In the rolling landscapes of South Africa’s Cango Valley, the ground hides more than rock and soil. Beneath its limestone hills, narrow passages lead into an ancient underworld — a place where bones have slept for hundreds of thousands of years, waiting to tell their stories. Some may belong to zebras and wildebeests. Others may hold the secrets of our own distant ancestors.
For decades, this fossil-rich region went largely unnoticed. But now, a new wave of exploration is peeling back the layers of time, revealing an underground archive that could transform what we know about early humans and the world they inhabited.
The Search Begins with a Forgotten Report
It started, oddly enough, with an old document from the 1980s. Tyler Faith, a paleoecologist and curator of paleontology at the Natural History Museum of Utah, had come across a brief mention of caves somewhere near the tip of South Africa. The location wasn’t precise — just “in the Cango Valley.” Faith knew the valley was threaded with limestone outcrops, the kind of rock that often hides caves within.
When he arrived in 2022, he quickly realized the problem: there weren’t just a few caves. There were dozens. “We found all these caves, and there appears to be a really rich fossil record within them,” Faith recalled. “Fossils are everywhere.”
Over the next few years, he returned, squeezing through narrow openings, mapping chambers, and documenting two dozen sites. Each cave, it seemed, was a potential treasure chest.
How Bones Find Their Way Underground
The caves themselves are ancient works of water. For millions of years, rain and underground streams gnawed at the limestone, carving tunnels and chambers. Animals entered these caves in many ways — some dragged in by predators, others washed in during floods. And some, in a final misstep, fell through openings and never climbed back out. Over time, layers of sediment entombed their remains, and minerals slowly transformed bone into stone.
Each fossil tells a story not just about an animal, but about the environment it lived in — the climate, the vegetation, the predators and prey. Together, they form an ecological time machine.
Into the Darkness
In June 2025, Faith and his team returned with two goals: find fossils and figure out how old they are. Getting into the caves was the first challenge. The entrances, often hidden beneath trees and thick brush, could be as small as a doorway for a fox. These leafy markers are a subtle clue — caves tend to form where water flows, and water draws vegetation.
Once inside, the team faced a world of sensory extremes. “It’s oppressively quiet and dark,” Faith said. “You start hearing things that aren’t there.” Bat guano coated the floors, alive with squirming cave ticks. Narrow shafts required belly crawling, and some chambers plunged into steep, slippery drops. Without careful mapping, it would be all too easy to get lost.

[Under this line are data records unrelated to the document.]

lemma sum_abs_expectation_truncate_le:
  fixes X :: "'i \<Rightarrow> 'a \<Rightarrow> real"
  assumes meas: "\<And>i. i \<in> I \<Longrightarrow> X i \<in> borel_measurable M"
    and sq: "\<And>i. i \<in> I \<Longrightarrow> integrable M (\<lambda>\<omega>. (X i \<omega>)^2)"
    and mean: "\<And>i. i \<in> I \<Longrightarrow> expectation (X i) = 0"
    and var: "(\<Sum>i\<in>I. expectation (\<lambda>\<omega>. (X i \<omega>)^2)) \<le> V"
    and r: "r > 0"
  shows "(\<Sum>i\<in>I. \<bar>expectation (\<lambda>\<omega>. truncate T (X i \<omega>))\<bar>)
    \<le> V / r + r / 4 * (\<Sum>i\<in>I. prob {\<omega> \<in> space M. T < \<bar>X i \<omega>\<bar>})"
proof -
  have "(\<Sum>i\<in>I. \<bar>expectation (\<lambda>\<omega>. truncate T (X i \<omega>))\<bar>)
      \<le> (\<Sum>i\<in>I. expectation (\<lambda>\<omega>. (X i \<omega>)^2) / r + r / 4 * prob {\<omega> \<in> space M. T < \<bar>X i \<omega>\<bar>})"
    using abs_expectation_truncate_le[OF meas sq mean, of _ "2 / r" T] r
    by (intro sum_mono) (simp add: field_simps)
  also have "\<dots> \<le> V / r + r / 4 * (\<Sum>i\<in>I. prob {\<omega> \<in> space M. T < \<bar>X i \<omega>\<bar>})"
    using var r
    by (simp add: sum.distrib sum_divide_distrib[symmetric] sum_distrib_left divide_right_mono)
  finally show ?thesis .
qed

Discoveries on the Cave Walls and Ceilings
The fossils were not shy about revealing themselves. Bones jutted from walls, ceilings, and the dusty cave floor. The team uncovered remains of ancient wildebeests, zebras, and even carnivores that have yet to be identified. One of the most tantalizing finds was a molar embedded in a cave ceiling, suspiciously similar to a human tooth. Several other hominid-like fragments also surfaced, though it will take further study to confirm whether they belong to our ancient relatives.

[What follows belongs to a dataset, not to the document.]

(* Let $G^0,G^1,G^2$ be finite-dimensional complex vector spaces with $\dim G^0>\dim G^1\ge 1$. For a subspace $E\subset\mathrm{Hom}(G^0,G^1)$, define $$\phi_E:E\times\mathrm{Hom}(G^1,G^2)\to\mathrm{Hom}(G^0,G^2),\qquad(\alpha,\beta)\mapsto\beta\circ\alpha.$$ (i) If $\dim G^1=1$, then for every integer $k$ with $2\le k\le\dim\mathrm{Hom}(G^0,G^1)$ and every $E$ in a nonempty Zariski open subset of $G(k,\mathrm{Hom}(G^0,G^1))$, we have $\mathrm{Symm}(\phi_E)=\{0\}$. (ii) If $\dim G^1>1$, then for every integer $k$ with $3\le k\le\dim\mathrm{Hom}(G^0,G^1)$ and every $E$ in a nonempty Zariski open subset of $G(k,\mathrm{Hom}(G^0,G^1))$, we have $\mathrm{Symm}(\phi_E)=\{0\}$.
   Context: For a bilinear map $B:E\times F\to G$, define $$\mathrm{Symm}(B)=\{q\in\mathrm{Hom}(E,F): B(\alpha,q(\alpha'))=B(\alpha',q(\alpha))\ \forall\alpha,\alpha'\in E\}.$$ Thus $\mathrm{Symm}(\phi_E)$ is the set of $q\in\mathrm{Hom}(E,\mathrm{Hom}(G^1,G^2))$ with $q(\alpha')\circ\alpha=q(\alpha)\circ\alpha'$ for all $\alpha,\alpha'\in E$. *)

theory Defs
  imports "Jordan_Normal_Form.Determinant"
begin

Perhaps the most remarkable discovery was a near-complete skeleton of an extinct mountain goat relative, first identified decades ago but never fully described. Until now, only fragmentary remains were known. Faith’s team painstakingly chiseled the specimen free over several days, revealing details that could finally allow scientists to give it a proper name and place it on the evolutionary family tree.
Unlocking the Age of the Fossils
Determining the age of these fossils is no simple task. Faith’s team is focusing on dating the flowstones — sheet-like mineral deposits formed by dripping water — that sandwich the fossil-bearing sediments. These mineral layers act like bookends, providing a minimum and maximum age for whatever lies between them.
Faith suspects the fossils are from the Pleistocene Epoch, a stretch of time from about 2.5 million to 11,700 years ago. More specifically, he thinks many may be older than 100,000 years — a period that is poorly represented in South Africa’s southern fossil record. “If that’s the case,” Faith said, “this could fill a huge gap in our understanding of early humans and the ecosystems they lived in.”
Why It Matters for Human Evolution
Most of South Africa’s older fossils — particularly those related to human evolution — come from sites near Johannesburg, hundreds of miles to the north. The Cango Valley caves could extend that record southward, providing a new window into how ancient humans and other species adapted to changing climates, shifting landscapes, and competition for survival.
If confirmed, the hominid fossils from these caves could help answer questions about migration, adaptation, and even the possible overlap between different human species.
A Future Full of Discoveries
For now, the four caves explored in June are just a beginning. The valley is dotted with “zillions of caves,” as Faith puts it, many of which have never been studied. Each could hold a new species, a new clue, or a new chapter in the story of life on Earth.
“This is work for decades, maybe lifetimes,” Faith said. “Every cave is a time capsule. We’ve only just started opening them.”